Wells Fargo looks across all of its business lines when making investment decisions and selecting technology vendors.
For the $1.7 trillion bank, working with vendors is “about the direction of the firm, our customer-forward focus and then thinking about intention and modernizing our core infrastructure,” Jazz Samra, head of strategic partnerships and innovation initiatives, told Bank Automation News.

When investing in or selecting a partner, Wells Fargo uses a three- to five-year timeline to calculate return on investment, depending on the line of business and tech needs, Samra said.
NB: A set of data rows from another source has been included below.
(* Let $G$ be a countable group, and identify $\mathbf{P}_G$ with $\{0,1\}^G$ with the product topology. Then the family of all sparse subsets of $G$ is a coanalytic subset of $\mathbf{P}_G$, and the family of all $P$-small subsets of $G$ is an analytic subset of $\mathbf{P}_G$.
   Context: $\mathbf{P}_G$ is the power set of $G$, identified with $\{0,1\}^G$ via characteristic functions (a Polish space when $G$ is countable). A subset $A\subseteq G$ is sparse if for every infinite subset $X\subseteq G$ there is a finite subset $F\subseteq X$ such that $\bigcap_{g\in F}gA$ is finite. $A$ is $P$-small if there is an injective sequence $(g_n)_{n\in\omega}$ in $G$ such that the sets $g_nA$, $n\in\omega$, are pairwise disjoint. A subset of a Polish space is analytic if it is a continuous image of a Polish space, and coanalytic if its complement is analytic. *)

theory Defs
  imports "HOL-Analysis.Analysis" "HOL-Algebra.Coset"
begin

definition Polish_top :: "'b topology \<Rightarrow> bool" where
  "Polish_top Y \<longleftrightarrow> completely_metrizable_space Y \<and> separable_space Y"

text \<open>Every Polish space has cardinality at most the continuum, so it is homeomorphic to a
  topology on a subset of the type nat => real; hence quantifying over Polish topologies
  on that type loses no generality.\<close>
definition analytic_in :: "'a topology \<Rightarrow> 'a set \<Rightarrow> bool" where
  "analytic_in X S \<longleftrightarrow>
     (\<exists>(Y :: (nat \<Rightarrow> real) topology) f.
        Polish_top Y \<and> continuous_map Y X f \<and> f ` topspace Y = S)"

definition coanalytic_in :: "'a topology \<Rightarrow> 'a set \<Rightarrow> bool" where
  "coanalytic_in X S \<longleftrightarrow> S \<subseteq> topspace X \<and> analytic_in X (topspace X - S)"

definition PG_top :: "('a, 'm) monoid_scheme \<Rightarrow> ('a \<Rightarrow> bool) topology" where
  "PG_top G = product_topology (\<lambda>_. discrete_topology (UNIV :: bool set)) (carrier G)"

definition set_of_char :: "('a, 'm) monoid_scheme \<Rightarrow> ('a \<Rightarrow> bool) \<Rightarrow> 'a set" where
  "set_of_char G c = {g \<in> carrier G. c g}"

definition sparse :: "('a, 'm) monoid_scheme \<Rightarrow> 'a set \<Rightarrow> bool" where
  "sparse G A \<longleftrightarrow> A \<subseteq> carrier G \<and>
     (\<forall>X. X \<subseteq> carrier G \<and> infinite X \<longrightarrow>
        (\<exists>F. F \<subseteq> X \<and> finite F \<and> F \<noteq> {} \<and> finite (\<Inter>g\<in>F. g <#\<^bsub>G\<^esub> A)))"

definition P_small :: "('a, 'm) monoid_scheme \<Rightarrow> 'a set \<Rightarrow> bool" where
  "P_small G A \<longleftrightarrow> A \<subseteq> carrier G \<and>
     (\<exists>g :: nat \<Rightarrow> 'a. inj g \<and> range g \<subseteq> carrier G \<and>
        (\<forall>n m. n \<noteq> m \<longrightarrow> (g n <#\<^bsub>G\<^esub> A) \<inter> (g m <#\<^bsub>G\<^esub> A) = {}))"

end

theory Submission
  imports Defs
begin

text \<open>A set \<open>A\<close> fails to be sparse iff there are an injective sequence \<open>x\<^sub>n\<close> and, for each \<open>m\<close>,
  an injective sequence in \<open>x\<^sub>0 A \<inter> \<dots> \<inter> x\<^sub>m A\<close>; it is P-small iff there is an injective sequence
  \<open>g\<^sub>n\<close> with pairwise disjoint translates \<open>g\<^sub>n A\<close>. Both are existential statements about countably
  many group elements followed by conditions each involving only finitely many of these elements
  and finitely many values of the characteristic function of \<open>A\<close>. Coding the elements together
  with the characteristic function as a point of the Baire space, such conditions cut out a closed
  set, which the decoding map sends continuously onto the family in question. Hence the non-sparse
  and the P-small sets form analytic families.\<close>

lemma second_countable_euclidean:
  "second_countable (euclidean :: 'a::second_countable_topology topology)"
proof -
  obtain \<B> :: "'a set set" where \<B>: "countable \<B>" "topological_basis \<B>"
    using ex_countable_basis by blast
  show ?thesis
    unfolding second_countable_def
  proof (intro exI conjI ballI allI impI)
    show "countable \<B>" by fact
    show "openin euclidean V" if "V \<in> \<B>" for V
      using topological_basis_open[OF \<B>(2) that] by simp
    show "\<exists>V\<in>\<B>. x \<in> V \<and> V \<subseteq> U" if "openin euclidean U \<and> x \<in> U" for U x
      using that topological_basisE[OF \<B>(2), of U x] by (metis open_openin)
  qed
qed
Additionally, the bank considers the following when selecting a fintech partner:
- Unmet consumer needs based on behavior-based research;
- Existing technology that can be embedded to solve bankwide challenges;
- Time to market; and
- Scalability of the solution.
Wells Fargo looks toward partnerships that can add value to its entire business model rather than a single issue, Samra said.
For example, Wells Fargo selected Google Cloud in 2021 for its cloud services and has tapped several of the tech giant’s services since integrating its conversational AI platform into Wells Fargo’s AI assistant.
In 2022, the bank rolled out its AI-driven chatbot, Fargo, powered by Dialogflow and has continued to modify the bot to meet customer needs. Since launch, Fargo has added the following self-service capabilities:
- Activate or deactivate debit cards;
- Check credit card limits;
- Search for transactions; and
- Monitor spending.
Wells Fargo will continue to deepen its relationship with existing vendors like Google while evaluating emerging technology providers to improve its technology infrastructure, Samra said.